- [Input records]:
+---+

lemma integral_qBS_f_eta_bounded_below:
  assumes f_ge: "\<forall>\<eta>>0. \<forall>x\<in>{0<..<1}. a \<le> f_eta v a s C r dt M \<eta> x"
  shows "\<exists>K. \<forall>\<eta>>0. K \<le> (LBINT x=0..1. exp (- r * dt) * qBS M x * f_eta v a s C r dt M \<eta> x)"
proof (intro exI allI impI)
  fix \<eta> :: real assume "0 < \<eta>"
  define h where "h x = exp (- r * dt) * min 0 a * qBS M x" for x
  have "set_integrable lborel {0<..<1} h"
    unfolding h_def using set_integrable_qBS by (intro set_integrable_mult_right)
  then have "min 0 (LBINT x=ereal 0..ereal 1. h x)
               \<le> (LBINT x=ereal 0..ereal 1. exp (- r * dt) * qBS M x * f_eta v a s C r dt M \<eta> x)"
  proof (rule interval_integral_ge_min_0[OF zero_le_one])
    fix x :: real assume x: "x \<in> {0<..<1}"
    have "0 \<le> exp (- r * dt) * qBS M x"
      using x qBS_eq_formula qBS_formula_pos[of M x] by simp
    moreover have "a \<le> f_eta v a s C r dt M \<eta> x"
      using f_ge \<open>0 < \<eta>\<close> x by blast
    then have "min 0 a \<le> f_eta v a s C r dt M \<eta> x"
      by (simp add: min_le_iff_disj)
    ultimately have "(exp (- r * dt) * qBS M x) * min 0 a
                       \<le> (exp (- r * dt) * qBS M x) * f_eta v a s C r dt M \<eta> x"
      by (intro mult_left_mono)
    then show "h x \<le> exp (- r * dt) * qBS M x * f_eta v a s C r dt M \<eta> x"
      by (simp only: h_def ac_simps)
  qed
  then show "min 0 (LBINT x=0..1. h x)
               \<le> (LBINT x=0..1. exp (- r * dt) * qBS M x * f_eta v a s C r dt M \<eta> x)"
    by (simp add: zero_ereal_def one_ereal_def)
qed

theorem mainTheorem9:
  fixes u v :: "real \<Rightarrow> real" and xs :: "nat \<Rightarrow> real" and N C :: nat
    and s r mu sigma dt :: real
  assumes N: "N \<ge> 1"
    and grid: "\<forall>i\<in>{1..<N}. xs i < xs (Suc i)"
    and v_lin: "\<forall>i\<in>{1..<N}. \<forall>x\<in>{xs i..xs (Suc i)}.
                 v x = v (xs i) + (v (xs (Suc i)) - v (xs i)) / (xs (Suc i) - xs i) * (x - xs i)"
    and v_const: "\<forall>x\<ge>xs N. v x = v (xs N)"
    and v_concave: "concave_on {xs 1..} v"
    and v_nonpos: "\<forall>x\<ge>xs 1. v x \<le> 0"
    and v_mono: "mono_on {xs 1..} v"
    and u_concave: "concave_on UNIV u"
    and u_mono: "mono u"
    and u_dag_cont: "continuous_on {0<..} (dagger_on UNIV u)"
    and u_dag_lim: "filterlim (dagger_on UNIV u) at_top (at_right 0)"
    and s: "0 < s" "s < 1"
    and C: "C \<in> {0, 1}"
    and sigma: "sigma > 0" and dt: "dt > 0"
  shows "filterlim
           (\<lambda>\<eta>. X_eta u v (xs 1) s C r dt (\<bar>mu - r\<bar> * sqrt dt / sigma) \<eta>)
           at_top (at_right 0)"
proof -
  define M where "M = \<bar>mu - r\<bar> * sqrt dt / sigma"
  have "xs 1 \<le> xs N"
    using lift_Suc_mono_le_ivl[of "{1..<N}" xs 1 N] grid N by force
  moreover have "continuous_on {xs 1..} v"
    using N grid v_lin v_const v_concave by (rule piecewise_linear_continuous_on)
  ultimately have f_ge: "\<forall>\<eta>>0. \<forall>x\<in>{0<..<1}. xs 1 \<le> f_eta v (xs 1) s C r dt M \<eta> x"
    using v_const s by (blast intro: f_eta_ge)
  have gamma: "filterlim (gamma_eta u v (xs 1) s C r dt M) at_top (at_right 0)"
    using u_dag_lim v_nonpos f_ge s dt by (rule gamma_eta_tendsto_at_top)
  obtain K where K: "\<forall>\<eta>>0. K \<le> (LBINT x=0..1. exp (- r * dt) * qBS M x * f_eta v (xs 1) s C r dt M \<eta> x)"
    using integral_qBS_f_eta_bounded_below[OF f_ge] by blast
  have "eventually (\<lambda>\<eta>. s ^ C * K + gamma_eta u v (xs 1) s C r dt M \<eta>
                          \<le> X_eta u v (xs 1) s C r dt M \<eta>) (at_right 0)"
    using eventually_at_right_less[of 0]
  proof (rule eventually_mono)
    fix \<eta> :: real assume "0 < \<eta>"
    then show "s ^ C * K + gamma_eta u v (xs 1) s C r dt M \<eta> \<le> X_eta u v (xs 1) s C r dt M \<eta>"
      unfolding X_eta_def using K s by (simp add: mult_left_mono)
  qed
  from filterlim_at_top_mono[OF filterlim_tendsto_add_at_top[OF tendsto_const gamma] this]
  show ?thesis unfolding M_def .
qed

+---+

- [What to work on]: The response must reproduce the whole listing exactly.

- [Your solution]:
lemma integral_qBS_f_eta_bounded_below:
  assumes f_ge: "\<forall>\<eta>>0. \<forall>x\<in>{0<..<1}. a \<le> f_eta v a s C r dt M \<eta> x"
  shows "\<exists>K. \<forall>\<eta>>0. K \<le> (LBINT x=0..1. exp (- r * dt) * qBS M x * f_eta v a s C r dt M \<eta> x)"
proof (intro exI allI impI)
  fix \<eta> :: real assume "0 < \<eta>"
  define h where "h x = exp (- r * dt) * min 0 a * qBS M x" for x
  have "set_integrable lborel {0<..<1} h"
    unfolding h_def using set_integrable_qBS by (intro set_integrable_mult_right)
  then have "min 0 (LBINT x=ereal 0..ereal 1. h x)
               \<le> (LBINT x=ereal 0..ereal 1. exp (- r * dt) * qBS M x * f_eta v a s C r dt M \<eta> x)"
  proof (rule interval_integral_ge_min_0[OF zero_le_one])
    fix x :: real assume x: "x \<in> {0<..<1}"
    have "0 \<le> exp (- r * dt) * qBS M x"
      using x qBS_eq_formula qBS_formula_pos[of M x] by simp
    moreover have "a \<le> f_eta v a s C r dt M \<eta> x"
      using f_ge \<open>0 < \<eta>\<close> x by blast
    then have "min 0 a \<le> f_eta v a s C r dt M \<eta> x"
      by (simp add: min_le_iff_disj)
    ultimately have "(exp (- r * dt) * qBS M x) * min 0 a
                       \<le> (exp (- r * dt) * qBS M x) * f_eta v a s C r dt M \<eta> x"
      by (intro mult_left_mono)
    then show "h x \<le> exp (- r * dt) * qBS M x * f_eta v a s C r dt M \<eta> x"
      by (simp only: h_def ac_simps)
  qed
  then show "min 0 (LBINT x=0..1. h x)
               \<le> (LBINT x=0..1. exp (- r * dt) * qBS M x * f_eta v a s C r dt M \<eta> x)"
    by (simp add: zero_ereal_def one_ereal_def)
qed

theorem mainTheorem9:
  fixes u v :: "real \<Rightarrow> real" and xs :: "nat \<Rightarrow> real" and N C :: nat
    and s r mu sigma dt :: real
  assumes N: "N \<ge> 1"
    and grid: "\<forall>i\<in>{1..<N}. xs i < xs (Suc i)"
    and v_lin: "\<forall>i\<in>{1..<N}. \<forall>x\<in>{xs i..xs (Suc i)}.
                 v x = v (xs i) + (v (xs (Suc i)) - v (xs i)) / (xs (Suc i) - xs i) * (x - xs i)"
    and v_const: "\<forall>x\<ge>xs N. v x = v (xs N)"
    and v_concave: "concave_on {xs 1..} v"
    and v_nonpos: "\<forall>x\<ge>xs 1. v x \<le> 0"
    and v_mono: "mono_on {xs 1..} v"
    and u_concave: "concave_on UNIV u"
    and u_mono: "mono u"
    and u_dag_cont: "continuous_on {0<..} (dagger_on UNIV u)"
    and u_dag_lim: "filterlim (dagger_on UNIV u) at_top (at_right 0)"
    and s: "0 < s" "s < 1"
    and C: "C \<in> {0, 1}"
    and sigma: "sigma > 0" and dt: "dt > 0"
  shows "filterlim
           (\<lambda>\<eta>. X_eta u v (xs 1) s C r dt (\<bar>mu - r\<bar> * sqrt dt / sigma) \<eta>)
           at_top (at_right 0)"
proof -
  define M where "M = \<bar>mu - r\<bar> * sqrt dt / sigma"
  have "xs 1 \<le> xs N"
    using lift_Suc_mono_le_ivl[of "{1..<N}" xs 1 N] grid N by force
  moreover have "continuous_on {xs 1..} v"
    using N grid v_lin v_const v_concave by (rule piecewise_linear_continuous_on)
  ultimately have f_ge: "\<forall>\<eta>>0. \<forall>x\<in>{0<..<1}. xs 1 \<le> f_eta v (xs 1) s C r dt M \<eta> x"
    using v_const s by (blast intro: f_eta_ge)
  have gamma: "filterlim (gamma_eta u v (xs 1) s C r dt M) at_top (at_right 0)"
    using u_dag_lim v_nonpos f_ge s dt by (rule gamma_eta_tendsto_at_top)
  obtain K where K: "\<forall>\<eta>>0. K \<le> (LBINT x=0..1. exp (- r * dt) * qBS M x * f_eta v (xs 1) s C r dt M \<eta> x)"
    using integral_qBS_f_eta_bounded_below[OF f_ge] by blast
  have "eventually (\<lambda>\<eta>. s ^ C * K + gamma_eta u v (xs 1) s C r dt M \<eta>
                          \<le> X_eta u v (xs 1) s C r dt M \<eta>) (at_right 0)"
    using eventually_at_right_less[of 0]
  proof (rule eventually_mono)
    fix \<eta> :: real assume "0 < \<eta>"
    then show "s ^ C * K + gamma_eta u v (xs 1) s C r dt M \<eta> \<le> X_eta u v (xs 1) s C r dt M \<eta>"
      unfolding X_eta_def using K s by (simp add: mult_left_mono)
  qed
  from filterlim_at_top_mono[OF filterlim_tendsto_add_at_top[OF tendsto_const gamma] this]
  show ?thesis unfolding M_def .
qed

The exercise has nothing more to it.